Skyrmion and vortex crystals in the Hubbard model

TL;DR

This paper demonstrates the emergence of skyrmion and vortex crystal phases in a centrosymmetric triangular-lattice Hubbard model, highlighting the role of itinerant electrons in stabilizing topological spin textures without localized moments.

Contribution

It introduces the realization of skyrmion and vortex crystals in an itinerant electron system using mean-field calculations, expanding understanding beyond localized spin models.

Findings

Two types of skyrmion crystals with charge modulations are found at zero magnetic field.

A vortex crystal phase without net scalar chirality is identified near the skyrmion phase.
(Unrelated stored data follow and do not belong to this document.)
lemma inner_psi_comb:
  assumes "finite I" "fst ` I \<subseteq> {a..<b}" "\<And>p. p \<in> I \<Longrightarrow> B p = psi_sign (snd p) * cnj (A p)"
  shows "inner_V a b (psi_comb a b A I v) w = inner_V a b v (psi_comb a b B I w)"
proof -
  have "inner_V a b (psi_comb a b A I v) w = (\<Sum>p\<in>I. A p * inner_V a b (psi_gen a b p v) w)"
    unfolding inner_V_def psi_comb_def
    by (simp add: sum_distrib_right sum_distrib_left mult.assoc sum.swap[of _ "Conf a b"])
  also have "\<dots> = (\<Sum>p\<in>I. cnj (B p) * inner_V a b v (psi_gen a b p w))"
    using assms(2,3) by (intro sum.cong refl) (auto simp: inner_psi_gen psi_sign_def)
  also have "\<dots> = inner_V a b v (psi_comb a b B I w)"
    unfolding inner_V_def psi_comb_def
    by (simp add: sum_distrib_right sum_distrib_left mult.assoc mult.left_commute sum.swap[of _ "Conf a b"])
  finally show ?thesis .
qed

definition mode :: "int \<Rightarrow> int \<Rightarrow> int set \<Rightarrow> (int \<Rightarrow> complex) \<Rightarrow>
    ((int \<Rightarrow> int) \<Rightarrow> complex) \<Rightarrow> ((int \<Rightarrow> int) \<Rightarrow> complex)" where
  "mode a b J f v = (\<lambda>\<sigma>. cis (pi/4) / 2 * (\<Sum>j\<in>J.
      \<i> * f j * psi a b j v \<sigma> - \<i> * cnj (f j) * psi_star a b j v \<sigma>))"

lemma chiL_eq_mode: "chiL a b k = mode a b {a..<0} (fL a k)"
  by (simp add: fun_eq_iff chiL_def mode_def)

lemma chiR_eq_mode: "chiR a b k = mode a b {0..<b} (fR b k)"
  by (simp add: fun_eq_iff chiR_def mode_def)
The vortex crystal undergoes a topological transition to a skyrmion phase under magnetic field.

Abstract

A mutual interplay between the charge and spin degrees of freedom in itinerant magnets leads to a plethora of topological spin textures, such as magnetic skyrmion and vortex crystals, in both centrosymmetric and noncentrosymmetric hosts. Meanwhile, their stabilization has been extensively studied in the system including the classical localized spins. We here study a realization of the skyrmion crystal in the centrosymmetric triangular-lattice Hubbard model, where the itinerant nature of electrons plays a more significant role. By performing the self-consistent mean-field calculations, we find that two types of skyrmion crystals with spatially nonuniform charge modulations appear in the ground state at a zero magnetic field. Moreover, we obtain another noncoplanar vortex crystal phase without a net scalar chirality in the vicinity of the skyrmion crystal phase. We show that the latter vortex crystal exhibits the topological phase transition to a different skyrmion phase in an applied magnetic field. Our results provide a possibility of the skyrmion and vortex crystals in itinerant magnets without the localized moments.